= Retail Intelligence =

 Retail Intelligence is the set of tools and applications focused on the creation and management of knowledge through the recollection, processing, interaction and analysis of information generated in all operations performed by any retailer.

Retail Intelligence applications can relate in real-time and interactively, the internal variables (range, space, pricing, promotions, staff, sales) with the external variables (influence zone and its commercial mix), with different parameters of the shopper's behavior, such as pedestrian flows and magnitudes, length of stay, occupancy, hot spots, etc.

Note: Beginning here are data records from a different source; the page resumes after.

(* Let $m=k^r$ with $k\ge 5$ and $r\ge 2$, let $T=A_m$, $G\in\{A_m,S_m\}$, and suppose $H=(S_k\wr S_r)\cap G$ is a maximal subgroup of $G$, where $S_k\wr S_r$ is embedded in $S_m$ via its product action on $\Gamma^r$, $\Gamma=\{1,\dots,k\}$. Consider $G$ acting on the cosets of $H$, of degree $n$. Then $\mathrm{ifix}(T)>n^{4/9}$.
   Context: The product action: $(\gamma_1,\dots,\gamma_r)^{(x_1,\dots,x_r)\sigma}=(\gamma_1^{x_1},\dots,\gamma_r^{x_r})^\sigma$, where $\sigma\in S_r$ permutes coordinates. $\mathrm{ifix}(T)=\max\{\mathrm{fix}(t): t\in T \text{ an involution}\}$, where $\mathrm{fix}(t)$ is the number of fixed points of $t$ on the coset space. *)

theory Defs
  imports Complex_Main "HOL-Algebra.Coset" "HOL-Combinatorics.Permutations"
begin

definition Sym_grp :: "'a set \<Rightarrow> ('a \<Rightarrow> 'a) monoid" where
  "Sym_grp S = \<lparr>carrier = {p. p permutes S}, monoid.mult = (\<circ>), one = id\<rparr>"

definition Alt_grp :: "'a set \<Rightarrow> ('a \<Rightarrow> 'a) monoid" where
  "Alt_grp S = \<lparr>carrier = {p. p permutes S \<and> evenperm p}, monoid.mult = (\<circ>), one = id\<rparr>"

text \<open>Gamma^r with Gamma = {0..<k} (a k-element set), coordinates indexed by {0..<r}.\<close>

definition prod_dom :: "nat \<Rightarrow> nat \<Rightarrow> (nat \<Rightarrow> nat) set" where
  "prod_dom k r = PiE {0..<r} (\<lambda>_. {0..<k})"

text \<open>Image of S_k wr S_r in Sym(Gamma^r) under the product action:
  gamma^((x_1,..,x_r) sigma) = (gamma_1^x_1, ..., gamma_r^x_r)^sigma, where sigma moves
  coordinate i to position sigma(i), i.e. the new j-th coordinate is x_(inv sigma j) applied
  to gamma_(inv sigma j).\<close>

definition wreath_prod_action :: "nat \<Rightarrow> nat \<Rightarrow> ((nat \<Rightarrow> nat) \<Rightarrow> (nat \<Rightarrow> nat)) set" where
  "wreath_prod_action k r =
     {p. \<exists>\<sigma> x. \<sigma> permutes {0..<r} \<and> (\<forall>i<r. x i permutes {0..<k}) \<and>
          p = (\<lambda>\<gamma>. if \<gamma> \<in> prod_dom k r
                     then restrict (\<lambda>j. x (Hilbert_Choice.inv \<sigma> j) (\<gamma> (Hilbert_Choice.inv \<sigma> j))) {0..<r}
                     else \<gamma>)}"

definition maximal_subgroup :: "'a set \<Rightarrow> ('a, 'b) monoid_scheme \<Rightarrow> bool" where
  "maximal_subgroup H G \<longleftrightarrow> subgroup H G \<and> H \<noteq> carrier G \<and>
     (\<forall>K. subgroup K G \<and> H \<subseteq> K \<longrightarrow> K = H \<or> K = carrier G)"

definition coset_fix :: "('a, 'b) monoid_scheme \<Rightarrow> 'a set \<Rightarrow> 'a \<Rightarrow> nat" where
  "coset_fix G H g = card {C \<in> rcosets\<^bsub>G\<^esub> H. C #>\<^bsub>G\<^esub> g = C}"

These applications provide users with a greater understanding of the current functioning of the points of sale and the buyer behaviour (shopper), to anticipate future events, with the aim of improving the competitive position of its portfolio of stores increasing profitability, efficiency commercial and customer service, and identify new business opportunities.

== Operation ==

Retail Intelligence tools combine the technology hardware (readers of traffic, people counters, motion sensors) with management software used for data access tools and provide reports, analysis, views and alerts to users.

== Tools ==
Retail Intelligence includes the following tools:
- External Traffic reader: sensor that allows external counting.
- In&Out traffic counter: sensors that count in&out traffic at points of sale, allowing to separate the inputs and outputs as well as gauging and measuring the average time of stay.
- Motion sensors: sensors that enable the flow behavior of customers, distinguishing the hottest areas from the least visited at each point of sale.
Access to information is done interactively, via intranet and through tiered access, providing reporting, analysis, views and alerts to users.